Kindle Highlights API (MERN) — README

API-first service for parsing your Kindle My Clippings.txt , storing highlights in MongoDB, and exposing:

  • a public daily endpoint (stable set per day, 5–10 items)
  • admin endpoints for import, status/reset, search, and books listing

Built with Node.js + Express + Mongoose , MongoDB Atlas , JWT (access + refresh) , Swagger , rate limiting , and scheduler (Asia/Dhaka).


Table of Contents


Quick Start

git clone <your-repo-url>
cd kindle-highlights-api
cp .env.example .env   # fill values as below
npm install
npm run dev            # dev
# open http://localhost:8080/docs (Swagger)

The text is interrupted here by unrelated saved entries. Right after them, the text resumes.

lemma cut_dist_less_imp_coupling:
  fixes \<mu> \<nu> :: "('a::finite) list pmf"
  assumes "n > 0" and "cut_dist n \<mu> \<nu> < \<delta>"
  obtains \<gamma> where "\<gamma> \<in> couplings \<mu> \<nu>"
    and "\<And>I B w. I \<subseteq> {..<n} \<Longrightarrow> B \<subseteq> configs n \<times> configs n \<Longrightarrow>
           \<bar>\<Sum>z\<in>B. pmf \<gamma> z * (\<Sum>i\<in>I. spin_diff w z i)\<bar> \<le> real n * \<delta>"
proof -
  define S where
    "S = Pow {..<n} \<times> Pow (configs n \<times> configs n :: ('a list \<times> 'a list) set) \<times> (UNIV :: 'a set)"
  define G where "G = (\<lambda>\<gamma>::('a list \<times> 'a list) pmf. Max ((\<lambda>(I, B, \<omega>).
     \<bar>\<Sum>i\<in>I. \<Sum>z\<in>B. pmf \<gamma> z * ((if fst z ! i = \<omega> then 1 else 0) - (if snd z ! i = \<omega> then 1 else 0))\<bar>) ` S))"
  have "Inf (G ` couplings \<mu> \<nu>) < real n * \<delta>"
    using assms unfolding cut_dist_def G_def S_def by (simp add: field_simps)
  moreover have "pair_pmf \<mu> \<nu> \<in> couplings \<mu> \<nu>"
    unfolding couplings_def by (simp add: map_fst_pair_pmf map_snd_pair_pmf)
  ultimately obtain \<gamma> where \<gamma>: "\<gamma> \<in> couplings \<mu> \<nu>" and G\<gamma>: "G \<gamma> < real n * \<delta>"
    using cInf_lessD[of "G ` couplings \<mu> \<nu>"] by blast
  have "finite S" unfolding S_def by (simp add: finite_configs)
  have "\<bar>\<Sum>z\<in>B. pmf \<gamma> z * (\<Sum>i\<in>I. spin_diff w z i)\<bar> \<le> real n * \<delta>"
    if "I \<subseteq> {..<n}" "B \<subseteq> configs n \<times> configs n" for I B w
  proof -
    have "(\<Sum>z\<in>B. pmf \<gamma> z * (\<Sum>i\<in>I. spin_diff w z i)) = (\<Sum>i\<in>I. \<Sum>z\<in>B. pmf \<gamma> z *
            ((if fst z ! i = w then 1 else 0) - (if snd z ! i = w then 1 else 0)))"
      by (subst sum.swap) (simp add: sum_distrib_left spin_diff_def)
    also have "\<bar>\<dots>\<bar> \<le> G \<gamma>" unfolding G_def
      by (rule Max_ge) (use \<open>finite S\<close> that in \<open>auto simp: S_def intro!: image_eqI[where x="(I, B, w)"]\<close>)
    finally show ?thesis using G\<gamma> by linarith
  qed
  with \<gamma> show thesis by (rule that)
qed
lemma KL_div_symmetrized_eq:
  assumes "prob_space R" and [measurable]: "r \<in> borel_measurable R" "s \<in> borel_measurable R"
    and nn: "\<And>x. x \<in> space R \<Longrightarrow> 0 \<le> r x \<and> 0 \<le> s x"
    and pr: "prob_space (density R r)" and ps: "prob_space (density R s)"
    and fin: "(\<integral>\<^sup>+x. jeffreys (r x) (s x) \<partial>R) \<noteq> \<infinity>"
  shows "KL_div (density R r) (density R s) + KL_div (density R s) (density R r)
    = enn2ereal (\<integral>\<^sup>+x. jeffreys (r x) (s x) \<partial>R)"
proof -
  interpret prob_space R by fact
  let ?k = "\<lambda>x. enn2real (jeffreys (r x) (s x))"
  let ?v1 = "\<lambda>x. s x * xlogx (density_ratio (r x) (s x))"
  let ?v2 = "\<lambda>x. r x * xlogx (density_ratio (s x) (r x))"
  have finite: "AE x in R. jeffreys (r x) (s x) \<noteq> \<infinity>"
    by (rule nn_integral_PInf_AE[OF _ fin]) measurable
  then have nn_jeffreys: "(\<integral>\<^sup>+x. jeffreys (r x) (s x) \<partial>R) = (\<integral>\<^sup>+x. ennreal (?k x) \<partial>R)"
    by (intro nn_integral_cong_AE) (auto elim!: AE_mp simp: ennreal_enn2real_if)
  have same_zeros: "AE x in R. (0 < r x \<and> 0 < s x) \<or> (r x = 0 \<and> s x = 0)"
    using finite AE_space by eventually_elim (metis jeffreys_finite_cases nn)
  have ik: "integrable R ?k"
    using fin unfolding nn_jeffreys by (intro integrableI_nonneg) (auto simp: less_top)
  have bnd: "integrable R (\<lambda>x. ?k x + r x + s x)"
    using ik integrable_of_prob_space_density[OF _ _ pr] integrable_of_prob_space_density[OF _ _ ps] nn
    by auto
  have "AE x in R. norm (?v1 x) \<le> norm (?k x + r x + s x) \<and> norm (?v2 x) \<le> norm (?k x + r x + s x)"
    using same_zeros
  proof eventually_elim
    case (elim x)
    then have swapped: "(0 < s x \<and> 0 < r x) \<or> (s x = 0 \<and> r x = 0)" by auto
    show ?case
      using abs_density_ratio_xlogx_le[OF elim] abs_density_ratio_xlogx_le[OF swapped] elim
        enn2real_nonneg[of "jeffreys (r x) (s x)"]
      by (auto simp: jeffreys_commute)
  qed
  then have i1: "integrable R ?v1" and i2: "integrable R ?v2"
    using bnd by (auto intro: Bochner_Integration.integrable_bound elim: AE_mp)
  have "AE x in R. r x = 0 \<longleftrightarrow> s x = 0" using same_zeros by eventually_elim auto
  moreover have "AE x in R. s x = 0 \<longleftrightarrow> r x = 0" using same_zeros by eventually_elim auto
  ultimately have "KL_div (density R r) (density R s) + KL_div (density R s) (density R r)
      = ereal ((\<integral>x. ?v1 x \<partial>R) + (\<integral>x. ?v2 x \<partial>R))"
    using KL_div_density_density[OF assms(1-4) ps _ i1] KL_div_density_density[OF assms(1,3,2) _ pr _ i2]
      nn by simp
  also have "(\<integral>x. ?v1 x \<partial>R) + (\<integral>x. ?v2 x \<partial>R) = (\<integral>x. ?k x \<partial>R)"
  proof -
    have "AE x in R. ?v1 x + ?v2 x = ?k x"
      using same_zeros by eventually_elim (rule density_ratio_xlogx_sum)
    then show ?thesis
      using i1 i2 by (simp flip: Bochner_Integration.integral_add add: integral_cong_AE)
  qed
  also have "ereal (\<integral>x. ?k x \<partial>R) = enn2ereal (\<integral>\<^sup>+x. jeffreys (r x) (s x) \<partial>R)"
    unfolding nn_jeffreys using ik by (simp add: nn_integral_eq_integral flip: enn2ereal_ennreal)
  finally show ?thesis .
qed

lemma KL_div_symmetrized_le:
  assumes "prob_space R" and [measurable]: "r \<in> borel_measurable R" "s \<in> borel_measurable R"
    and nn: "\<And>x. x \<in> space R \<Longrightarrow> 0 \<le> r x \<and> 0 \<le> s x"
    and pr: "prob_space (density R r)" and ps: "prob_space (density R s)"
    and ir: "integrable R (\<lambda>x. xlogx (r x))" and iss: "integrable R (\<lambda>x. xlogx (s x))"
    and hA: "\<And>t. 0 < t \<Longrightarrow> t \<le> 1 \<Longrightarrow>
      (\<integral>x. xlogx (r x) \<partial>R) - t * A \<le> (\<integral>x. xlogx ((1-t) * r x + t * s x) \<partial>R)"
    and hB: "\<And>t. 0 < t \<Longrightarrow> t \<le> 1 \<Longrightarrow>
      (\<integral>x. xlogx (s x) \<partial>R) - t * B \<le> (\<integral>x. xlogx ((1-t) * s x + t * r x) \<partial>R)"
  shows "KL_div (density R r) (density R s) + KL_div (density R s) (density R r) \<le> ereal (A + B)"
proof -
  have bnd: "(\<integral>\<^sup>+x. jeffreys (r x) (s x) \<partial>R) \<le> ennreal (A + B)"
    by (rule nn_integral_jeffreys_le[OF assms(1-4) ir iss hA hB])
  have "0 \<le> A + B" using hA[of 1] hB[of 1] by simp
  then have "enn2ereal (\<integral>\<^sup>+x. jeffreys (r x) (s x) \<partial>R) \<le> ereal (A + B)"
    using bnd by (metis enn2ereal_ennreal less_eq_ennreal.rep_eq)
  moreover have "(\<integral>\<^sup>+x. jeffreys (r x) (s x) \<partial>R) \<noteq> \<infinity>"
    using bnd by (auto simp: top_unique)
  ultimately show ?thesis by (simp add: KL_div_symmetrized_eq[OF assms(1-6)])
qed

lemma space_metric_borel: "Metric_space S d \<Longrightarrow> space (metric_borel S d) = S"
  unfolding metric_borel_def borel_of_def
  by (simp add: space_measure_of_conv Metric_space.topspace_mtopology)

lemma continuous_map_dist_point:
  assumes "Metric_space S d" "a \<in> S"
  shows "continuous_map (Metric_space.mtopology S d) euclideanreal (\<lambda>y. d y a)"
proof -
  interpret Metric_space S d by fact
  have "continuous_map (mtopology_of (metric (S, d))) euclideanreal (mdist (metric (S, d)) a)"
    using assms by (intro continuous_on_mdist) (simp add: Metric_space_axioms)
  moreover have "mdist (metric (S, d)) a = (\<lambda>y. d y a)"
    by (simp add: Metric_space_axioms commute fun_eq_iff)
  ultimately show ?thesis
    by (simp add: mtopology_of_def Metric_space_axioms)
qed

lemma borel_measurable_borel_of:
  assumes "continuous_map T euclidean f"
  shows "f \<in> borel_measurable (borel_of T)"
proof (rule borel_measurableI)
  fix U :: "'b set" assume "open U"
  then have "openin T (f -` U \<inter> topspace T)"
    using openin_continuous_map_preimage[OF assms] by (simp add: Int_commute vimage_def Collect_conj_eq)
  moreover have "{U. openin T U} \<subseteq> Pow (topspace T)" using openin_subset by auto
  ultimately show "f -` U \<inter> space (borel_of T) \<in> sets (borel_of T)"
    unfolding borel_of_def by (simp add: space_measure_of_conv sets_measure_of sigma_sets.Basic)
qed

lemma powr_add_le:
  fixes a b q :: real
  assumes "0 \<le> a" "0 \<le> b" "0 \<le> q"
  shows "(a + b) powr q \<le> 2 powr q * (a powr q + b powr q)"
proof -
  have "(a + b) powr q \<le> (2 * max a b) powr q"
    using assms by (intro powr_mono2) auto
  also have "\<dots> = 2 powr q * max a b powr q" using assms by (simp add: powr_mult)
  also have "\<dots> \<le> 2 powr q * (a powr q + b powr q)"
    by (intro mult_left_mono) (auto simp: max_def)
  finally show ?thesis .
qed

lemma integrable_dist_powr_P_p:
  assumes ms: "Metric_space S d" and mu: "P_p p S d \<mu>" and p: "1 \<le> p" "p \<noteq> \<infinity>" and a: "a \<in> S"
  shows "integrable \<mu> (\<lambda>y. d y a powr real_of_ereal p)"
proof -
  interpret Metric_space S d by fact
  define q where "q = real_of_ereal p"
  have q: "0 \<le> q" unfolding q_def using p by (cases p) auto
  have sets: "sets \<mu> = sets (metric_borel S d)" and "prob_space \<mu>" using mu by (auto simp: P_p_def)
  interpret prob_space \<mu> by fact
  have space: "space \<mu> = S" using sets_eq_imp_space_eq[OF sets] space_metric_borel[OF ms] by simp
  have dist_meas[measurable]: "(\<lambda>y. d y b) \<in> borel_measurable \<mu>" if "b \<in> S" for b
    unfolding measurable_cong_sets[OF sets refl] metric_borel_def
    by (intro borel_measurable_borel_of continuous_map_dist_point[OF ms that])
  obtain x0 where x0: "x0 \<in> S" and fin: "(\<integral>\<^sup>+ y. ennreal (d y x0 powr q) \<partial>\<mu>) < \<infinity>"
    using mu p unfolding P_p_def q_def by auto
  have "integrable \<mu> (\<lambda>y. d y x0 powr q)"
    using fin dist_meas[OF x0] by (intro integrableI_nonneg) auto
  then have "integrable \<mu> (\<lambda>y. 2 powr q * (d y x0 powr q + d x0 a powr q))" by auto
  then show ?thesis unfolding q_def[symmetric]
  proof (rule Bochner_Integration.integrable_bound)
    show "AE y in \<mu>. norm (d y a powr q) \<le> norm (2 powr q * (d y x0 powr q + d x0 a powr q))"
    proof (rule AE_I2)
      fix y assume "y \<in> space \<mu>"
      then have y: "y \<in> S" using space by simp
      have "d y a powr q \<le> (d y x0 + d x0 a) powr q"
        using triangle[OF y x0 a] q by (intro powr_mono2) auto
      also have "\<dots> \<le> 2 powr q * (d y x0 powr q + d x0 a powr q)"
        using q y x0 a by (intro powr_add_le) auto
      finally show "norm (d y a powr q) \<le> norm (2 powr q * (d y x0 powr q + d x0 a powr q))"
        by simp
    qed
  qed (use dist_meas[OF a] in measurable)
qed

lemma space_PiM_metric_borel:
  assumes polish: "\<And>i. i < N \<Longrightarrow> polish_metric (S i) (d i)"
    and mu: "\<And>i. i < N \<Longrightarrow> P_p p (S i) (d i) (\<mu> i)"
  shows "space (\<Pi>\<^sub>M i\<in>{..<N}. \<mu> i) = (\<Pi>\<^sub>E i\<in>{..<N}. S i)"
proof -
  have "space (\<mu> i) = S i" if "i < N" for i
    using sets_eq_imp_space_eq[of "\<mu> i" "metric_borel (S i) (d i)"] mu[OF that] polish[OF that]
      space_metric_borel[of "S i" "d i"] by (auto simp: P_p_def polish_metric_def)
  then show ?thesis unfolding space_PiM by (intro PiE_cong) auto
qed

lemma integrable_coupling_growth:
  assumes polish: "\<And>i. i < N \<Longrightarrow> polish_metric (S i) (d i)"
    and p: "1 \<le> p"
    and mu: "\<And>i. i < N \<Longrightarrow> P_p p (S i) (d i) (\<mu> i)"
    and c_meas: "c \<in> borel_measurable (\<Pi>\<^sub>M i\<in>{..<N}. \<mu> i)"
    and growth: "growth_p p N S d c"
    and coupling: "\<pi> \<in> couplings N \<mu>"
  shows "integrable \<pi> c"
proof -
  have "prob_space \<pi>" and sets: "sets \<pi> = sets (\<Pi>\<^sub>M i\<in>{..<N}. \<mu> i)"
    and marg: "\<And>i. i < N \<Longrightarrow> distr \<pi> (\<mu> i) (\<lambda>x. x i) = \<mu> i"
    using coupling by (auto simp: couplings_def)
  interpret prob_space \<pi> by fact
  have space: "space \<pi> = (\<Pi>\<^sub>E i\<in>{..<N}. S i)"
    using sets_eq_imp_space_eq[OF sets] space_PiM_metric_borel[OF polish mu] by simp
  have cm[measurable]: "c \<in> borel_measurable \<pi>"
    unfolding measurable_cong_sets[OF sets refl] by (rule c_meas)
  show ?thesis
  proof (cases "p = \<infinity>")
    case True
    then obtain C where "\<And>x. x \<in> (\<Pi>\<^sub>E i\<in>{..<N}. S i) \<Longrightarrow> \<bar>c x\<bar> \<le> C"
      using growth unfolding growth_p_def by auto
    then show ?thesis
      by (intro integrable_const_bound[where B=C]) (auto simp: space intro!: AE_I2)
  next
    case False
    define q where "q = real_of_ereal p"
    obtain C xh where xh: "xh \<in> (\<Pi>\<^sub>E i\<in>{..<N}. S i)"
      and C: "\<And>x. x \<in> (\<Pi>\<^sub>E i\<in>{..<N}. S i) \<Longrightarrow> \<bar>c x\<bar> \<le> C * (1 + dXp_pow N d q x xh)"
      using growth False unfolding growth_p_def q_def by (simp only: if_False) blast
    have "integrable \<pi> (\<lambda>x. d i (x i) (xh i) powr q)" if i: "i < N" for i
    proof -
      have "Metric_space (S i) (d i)" using polish[OF i] by (simp add: polish_metric_def)
      then have mi: "integrable (\<mu> i) (\<lambda>y. d i y (xh i) powr q)"
        unfolding q_def using integrable_dist_powr_P_p[OF _ mu[OF i] p False] xh i by auto
      have proj: "(\<lambda>x. x i) \<in> measurable \<pi> (\<mu> i)"
        unfolding measurable_cong_sets[OF sets refl] using i by (intro measurable_component_singleton) auto
      show ?thesis
        using mi marg[OF i] integrable_distr_eq[OF proj borel_measurable_integrable[OF mi]] by simp
    qed
    then have "integrable \<pi> (\<lambda>x. C * (1 + dXp_pow N d q x xh))"
      unfolding dXp_pow_def by (intro integrable_mult_right Bochner_Integration.integrable_add integrable_sum) auto
    then show ?thesis
      by (rule Bochner_Integration.integrable_bound)
        (use C in \<open>auto simp: space intro!: AE_I2 order_trans[OF _ abs_ge_self]\<close>)
  qed
qed

lemma emeasure_density_convex_comb:
  fixes r s :: "'b \<Rightarrow> real" and t :: real
  assumes [measurable]: "r \<in> borel_measurable R" "s \<in> borel_measurable R"
    and nn: "\<And>x. x \<in> space R \<Longrightarrow> 0 \<le> r x \<and> 0 \<le> s x" and t: "0 \<le> t" "t \<le> 1"
    and A: "A \<in> sets R"
  shows "emeasure (density R (\<lambda>x. (1-t) * r x + t * s x)) A
      = ennreal (1-t) * emeasure (density R r) A + ennreal t * emeasure (density R s) A"
proof -
  have "emeasure (density R (\<lambda>x. (1-t) * r x + t * s x)) A
      = (\<integral>\<^sup>+x. ennreal (1-t) * (ennreal (r x) * indicator A x) + ennreal t * (ennreal (s x) * indicator A x) \<partial>R)"
    using A nn t by (auto simp: emeasure_density ennreal_plus ennreal_mult distrib_right mult.assoc
        intro!: nn_integral_cong)
  then show ?thesis
    using A by (simp add: emeasure_density nn_integral_add nn_integral_cmult)
qed

context
  fixes N :: nat and \<mu> :: "nat \<Rightarrow> 'a measure"
  assumes prob_space_marginal: "\<And>i. i < N \<Longrightarrow> prob_space (\<mu> i)"
begin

Bootstrap first admin (one-time):

POST /api/v1/auth/bootstrap
Content-Type: application/json

{
  "token": "ADMIN_BOOTSTRAP_TOKEN",
  "email": "admin@example.com",
  "password": "StrongPass#123"
}

Login to get tokens:

POST /api/v1/auth/login
Content-Type: application/json

{
  "email": "admin@example.com",
  "password": "StrongPass#123"
}

Use the returned accessToken in Authorization: Bearer <token> for admin endpoints.


Environment

.env.example (copy to .env and fill):

# Core
PORT=8080
NODE_ENV=development
TZ=Asia/Dhaka

# Mongo (Atlas)
MONGO_URI="mongodb+srv://kindle_api:<ENCODED_PASSWORD>@cluster0.ukp2uc1.mongodb.net/kindle_highlights?retryWrites=true&w=majority&appName=kindle-highlights&authSource=admin"
# If your URI does not include /kindle_highlights, set this:
# MONGO_DB_NAME="kindle_highlights"

# JWT
JWT_ACCESS_SECRET="<64-hex>"
JWT_REFRESH_SECRET="<64-hex>"
ACCESS_TOKEN_TTL="15m"
REFRESH_TOKEN_TTL="30d"

# CORS
CORS_ORIGINS="*"

# Public API limits
PUBLIC_DAILY_DEFAULT_LIMIT=5
PUBLIC_DAILY_MAX_LIMIT=10
PUBLIC_RATE_LIMIT_WINDOW_MS=60000
PUBLIC_RATE_LIMIT_MAX=60

# Admin bootstrap (one-time)
ADMIN_BOOTSTRAP_TOKEN="<one-time-secret>"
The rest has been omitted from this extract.